Exercise:
Give again, word for word, every line in the entries below from the line with "by (rule binomial_sum_Suc[symmetric])" up to and including the line with "j = (\<Sum>l", and no other line.

Data supplied:
□ □ □ □
(* Let $m,n\ge0$, $0\le k\le\min(m,n)$, and let $i,j$ be integers with $0\le i\le m$, $0\le j\le n$, $k\le i+j\le m+n-k$. Then $$\binom{m-k+j}{m-k}\,c_{m,\,n-k+i,\,i}(k,\ i+j-k)=\binom{m-k+j}{m-i}\,c_{m,n,k}(i,j).$$
   Context: Binomial coefficients $\binom{a}{b}$ equal $\frac{a!}{b!(a-b)!}$ when $0\le b\le a$ and $0$ otherwise. Let $e,f,h$ be the standard basis of $\mathfrak{sl}(2,\mathbb{C})$. $V(n)$ is the irreducible representation of highest weight $n$ with fixed highest weight vector $\phi_n$; $\{f^i\phi_n\}_{0\le i\le n}$ is a basis, $f^{n+1}\phi_n=0$. $\mathfrak{sl}(2)$ acts on $V(m)\otimes V(n)$ by $X(v\otimes w)=Xv\otimes w+v\otimes Xw$. For any $m,n\ge 0$ and $0\le k\le\min(m,n)$, $\phi_{m,n,k}=\sum_{l=0}^{k}(-1)^l\binom{m-l}{k-l}\binom{n-k+l}{l} f^l\phi_m\otimes f^{k-l}\phi_n\in V(m)\otimes V(n)$ (a highest weight vector of weight $m+n-2k$). The coordinates $c_{m,n,k}(i,j)$ are defined by $f^{p-k}\phi_{m,n,k}=\sum_{i+j=p,\,0\le i\le m,\,0\le j\le n} c_{m,n,k}(i,j)\, f^i\phi_m\otimes f^j\phi_n$ for $k\le p\le m+n-k$. *)

theory Defs
  imports Complex_Main
begin

text \<open>Model of V(m) \<otimes> V(n): a vector is given by its coordinates v (i,j) with respect to the
basis f^i phi_m \<otimes> f^j phi_n, 0 \<le> i \<le> m, 0 \<le> j \<le> n (coordinates outside this range are 0).\<close>

type_synonym tvec = "nat \<times> nat \<Rightarrow> complex"

text \<open>Action of f on V(m) \<otimes> V(n): f(f^a phi_m \<otimes> f^b phi_n) = f^(a+1) phi_m \<otimes> f^b phi_n
 + f^a phi_m \<otimes> f^(b+1) phi_n, with f^(m+1) phi_m = 0 and f^(n+1) phi_n = 0.\<close>

definition f_act :: "nat \<Rightarrow> nat \<Rightarrow> tvec \<Rightarrow> tvec" where
  "f_act m n v = (\<lambda>(i, j). if i \<le> m \<and> j \<le> n
      then (if 0 < i then v (i - 1, j) else 0) + (if 0 < j then v (i, j - 1) else 0)
      else 0)"

definition phi :: "nat \<Rightarrow> nat \<Rightarrow> nat \<Rightarrow> tvec" where
  "phi m n k = (\<lambda>(i, j). if i \<le> k \<and> j = k - i \<and> i \<le> m \<and> j \<le> n
      then (-1) ^ i * of_nat ((m - i) choose (k - i)) * of_nat ((n - k + i) choose i)
      else 0)"

definition cc :: "nat \<Rightarrow> nat \<Rightarrow> nat \<Rightarrow> nat \<Rightarrow> nat \<Rightarrow> complex" where
  "cc m n k i j = ((f_act m n) ^^ (i + j - k)) (phi m n k) (i, j)"

end

theory Submission imports Defs begin

text \<open>Iterating f on a vector supported in the box [0,m] \<times> [0,n] gives the binomial convolution
  (f^r v)(i,j) = \<Sum>s C(r,s) v(i-s, j-(r-s)), so c_{m,n,k}(i,j) is an explicit alternating sum over the
  terms of \<phi>_{m,n,k}. For both sides of the identity these sums run over the same index l, and
  termwise the claim reduces to a rearrangement of trinomial coefficients: with
  a = m-i, b = i-l, c = k-l, d = j+l-k, e = m-k both products equal (a+b+d)! (a+b)! / (a! b! c! d! e!).\<close>

lemma binomial_sum_Suc:
  fixes h :: "nat \<Rightarrow> 'a::comm_semiring_1"
  shows "(\<Sum>s\<le>Suc r. of_nat (Suc r choose s) * h s)
       = (\<Sum>s\<le>r. of_nat (r choose s) * h s) + (\<Sum>s\<le>r. of_nat (r choose s) * h (Suc s))"
proof -
  have "(\<Sum>s\<le>Suc r. of_nat (Suc r choose s) * h s)
      = h 0 + (\<Sum>s\<le>r. of_nat (r choose Suc s) * h (Suc s)) + (\<Sum>s\<le>r. of_nat (r choose s) * h (Suc s))"
    by (subst sum.atMost_Suc_shift) (simp add: sum.distrib algebra_simps)
  also have "h 0 + (\<Sum>s\<le>r. of_nat (r choose Suc s) * h (Suc s)) = (\<Sum>s\<le>Suc r. of_nat (r choose s) * h s)"
    by (subst sum.atMost_Suc_shift) simp
  also have "\<dots> = (\<Sum>s\<le>r. of_nat (r choose s) * h s)"
    by (simp add: binomial_eq_0)
  finally show ?thesis .
qed

lemma f_act_apply:
  assumes "i \<le> m" "j \<le> n"
  shows "f_act m n v (i, j) = (if 0 < i then v (i - 1, j) else 0) + (if 0 < j then v (i, j - 1) else 0)"
  using assms by (simp add: f_act_def)

lemma funpow_f_act_apply:
  assumes supp: "\<And>a b. m < a \<or> n < b \<Longrightarrow> v (a, b) = 0"
  shows "(f_act m n ^^ r) v (i, j) = (if i \<le> m \<and> j \<le> n then
     (\<Sum>s\<le>r. of_nat (r choose s) * (if s \<le> i \<and> r - s \<le> j then v (i - s, j - (r - s)) else 0)) else 0)"
proof (induction r arbitrary: i j)
  case 0
  then show ?case using supp by auto
next
  case (Suc r)
  define h where "h = (\<lambda>s. if s \<le> i \<and> Suc r - s \<le> j then v (i - s, j - (Suc r - s)) else 0)"
  show ?case
  proof (cases "i \<le> m \<and> j \<le> n")
    case False
    then show ?thesis by (auto simp: f_act_def)
  next
    case True
    have left: "(if 0 < i then (f_act m n ^^ r) v (i - 1, j) else 0)
        = (\<Sum>s\<le>r. of_nat (r choose s) * h (Suc s))"
      using True by (auto simp: Suc.IH h_def intro!: sum.cong)
    have down: "(if 0 < j then (f_act m n ^^ r) v (i, j - 1) else 0)
        = (\<Sum>s\<le>r. of_nat (r choose s) * h s)"
    proof (cases "j = 0")
      case True
      then have "of_nat (r choose s) * h s = 0" if "s \<le> r" for s
        using that by (auto simp: h_def)
      then show ?thesis using True by simp
    next
      case False
      then show ?thesis using True by (auto simp: Suc.IH h_def intro!: sum.cong)
    qed
    have "(f_act m n ^^ Suc r) v (i, j)
        = (if 0 < i then (f_act m n ^^ r) v (i - 1, j) else 0)
          + (if 0 < j then (f_act m n ^^ r) v (i, j - 1) else 0)"
      using True by (simp add: f_act_apply)
    also have "\<dots> = (\<Sum>s\<le>r. of_nat (r choose s) * h s) + (\<Sum>s\<le>r. of_nat (r choose s) * h (Suc s))"
      by (simp add: left down)
    also have "\<dots> = (\<Sum>s\<le>Suc r. of_nat (Suc r choose s) * h s)"
      by (rule binomial_sum_Suc[symmetric])
    finally show ?thesis
      using True by (simp add: h_def)
  qed
qed

lemma cc_eq_sum:
  assumes "k \<le> m" "k \<le> n" "k \<le> i + j" "i \<le> m" "j \<le> n"
  shows "cc m n k i j = (\<Sum>l | l \<le> k \<and> l \<le> i \<and> k - l \<le> j.
           (-1) ^ l * of_nat ((m - l) choose (k - l)) * of_nat ((n - k + l) choose l)
           * of_nat ((i + j - k) choose (i - l)))"
proof -
  define r where "r = i + j - k"
  define G where "G = (\<lambda>s. of_nat (r choose s) * ((-1) ^ (i - s) * of_nat ((m - (i - s)) choose (k - (i - s)))
           * of_nat ((n - k + (i - s)) choose (i - s))) :: complex)"
  have supp: "\<And>a b. m < a \<or> n < b \<Longrightarrow> phi m n k (a, b) = 0"
    by (auto simp: phi_def)
  have "cc m n k i j = (\<Sum>s\<le>r. of_nat (r choose s)
          * (if s \<le> i \<and> r - s \<le> j then phi m n k (i - s, j - (r - s)) else 0))"
    unfolding cc_def r_def[symmetric]
    using assms by (simp add: funpow_f_act_apply[of m n "phi m n k", OF supp])
  also have "\<dots> = (\<Sum>s\<le>r. if s \<le> i \<and> r - s \<le> j \<and> i - s \<le> k then G s else 0)"
    using assms by (intro sum.cong) (auto simp: phi_def G_def r_def add.commute)
  also have "\<dots> = (\<Sum>s\<in>{s\<in>{..r}. s \<le> i \<and> r - s \<le> j \<and> i - s \<le> k}. G s)"
    by (rule sum.inter_filter[symmetric]) simp
  also have "\<dots> = (\<Sum>l | l \<le> k \<and> l \<le> i \<and> k - l \<le> j.
           (-1) ^ l * of_nat ((m - l) choose (k - l)) * of_nat ((n - k + l) choose l)
           * of_nat ((i + j - k) choose (i - l)))"
    using assms by (intro sum.reindex_bij_witness[where i="\<lambda>l. i - l" and j="\<lambda>s. i - s"])
      (auto simp: G_def r_def add.commute)
  finally show ?thesis .
qed

lemma choose_product_rearrange:
  fixes a b c d e :: nat
  assumes "a + b = e + c"
  shows "((e + c + d) choose e) * ((a + b) choose b) * ((c + d) choose c)
       = ((a + b + d) choose a) * ((e + c) choose c) * ((b + d) choose b)"
proof -
  have choose_eq: "real ((x + y) choose y) = fact (x + y) / (fact x * fact y)" for x y
    by (simp add: binomial_fact)
  have lhs: "real (((e + c + d) choose e) * ((a + b) choose b) * ((c + d) choose c))
      = fact (e + c + d) * fact (a + b) / (fact a * fact b * fact c * fact d * fact e)"
    using choose_eq[of "c + d" e] choose_eq[of a b] choose_eq[of d c]
    by (simp add: ac_simps)
  have rhs: "real (((a + b + d) choose a) * ((e + c) choose c) * ((b + d) choose b))
      = fact (a + b + d) * fact (e + c) / (fact a * fact b * fact c * fact d * fact e)"
    using choose_eq[of "b + d" a] choose_eq[of e c] choose_eq[of d b]
    by (simp add: ac_simps)
  have "real (((e + c + d) choose e) * ((a + b) choose b) * ((c + d) choose c))
      = real (((a + b + d) choose a) * ((e + c) choose c) * ((b + d) choose b))"
    unfolding lhs rhs by (simp only: assms)
  then show ?thesis
    by (simp only: of_nat_eq_iff)
qed

lemma cc_shifted_eq_sum:
  assumes "k \<le> m" "i \<le> m" "j \<le> n" "k \<le> i + j"
  shows "cc m (n - k + i) i k (i + j - k) = (\<Sum>l | l \<le> k \<and> l \<le> i \<and> k - l \<le> j.
           (-1) ^ l * of_nat ((m - l) choose (i - l)) * of_nat ((n - k + l) choose l)
           * of_nat (j choose (k - l)))"
proof -
  have index_set: "{l. l \<le> i \<and> l \<le> k \<and> i - l \<le> i + j - k} = {l. l \<le> k \<and> l \<le> i \<and> k - l \<le> j}"
    using assms by auto
  show ?thesis
    using assms by (subst cc_eq_sum) (auto simp: index_set intro!: sum.cong)
qed

theorem proposition8p2:
  fixes m n k i j :: nat
  assumes "k \<le> min m n" and "i \<le> m" and "j \<le> n"
    and "k \<le> i + j" and "i + j \<le> m + n - k"
  shows "of_nat ((m - k + j) choose (m - k)) * cc m (n - k + i) i k (i + j - k)
       = of_nat ((m - k + j) choose (m - i)) * cc m n k i j"
proof -
  have termwise: "of_nat ((m - k + j) choose (m - k)) * of_nat ((m - l) choose (i - l)) * of_nat (j choose (k - l))
      = (of_nat ((m - k + j) choose (m - i)) * of_nat ((m - l) choose (k - l))
          * of_nat ((i + j - k) choose (i - l)) :: complex)"
    if "l \<le> k" "l \<le> i" "k - l \<le> j" for l
    using choose_product_rearrange[of "m - i" "i - l" "m - k" "k - l" "j + l - k"] that assms
    by (simp flip: of_nat_mult)
  have "of_nat ((m - k + j) choose (m - k)) * cc m (n - k + i) i k (i + j - k)
      = (\<Sum>l | l \<le> k \<and> l \<le> i \<and> k - l \<le> j. (-1) ^ l * of_nat ((n - k + l) choose l)
          * (of_nat ((m - k + j) choose (m - k)) * of_nat ((m - l) choose (i - l)) * of_nat (j choose (k - l))))"
    using assms by (subst cc_shifted_eq_sum) (simp_all add: sum_distrib_left mult_ac)
  also have "\<dots> = (\<Sum>l | l \<le> k \<and> l \<le> i \<and> k - l \<le> j. (-1) ^ l * of_nat ((n - k + l) choose l)
          * (of_nat ((m - k + j) choose (m - i)) * of_nat ((m - l) choose (k - l))
             * of_nat ((i + j - k) choose (i - l))))"
    by (rule sum.cong) (simp_all add: termwise)
  also have "\<dots> = of_nat ((m - k + j) choose (m - i)) * cc m n k i j"
    using assms by (simp add: cc_eq_sum sum_distrib_left mult_ac)
  finally show ?thesis .
qed

end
□ □ □ □
Response to this task:
      by (rule binomial_sum_Suc[symmetric])
    finally show ?thesis
      using True by (simp add: h_def)
  qed
qed

lemma cc_eq_sum:
  assumes "k \<le> m" "k \<le> n" "k \<le> i + j" "i \<le> m" "j \<le> n"
  shows "cc m n k i j = (\<Sum>l | l \<le> k \<and> l \<le> i \<and> k - l \<le> j.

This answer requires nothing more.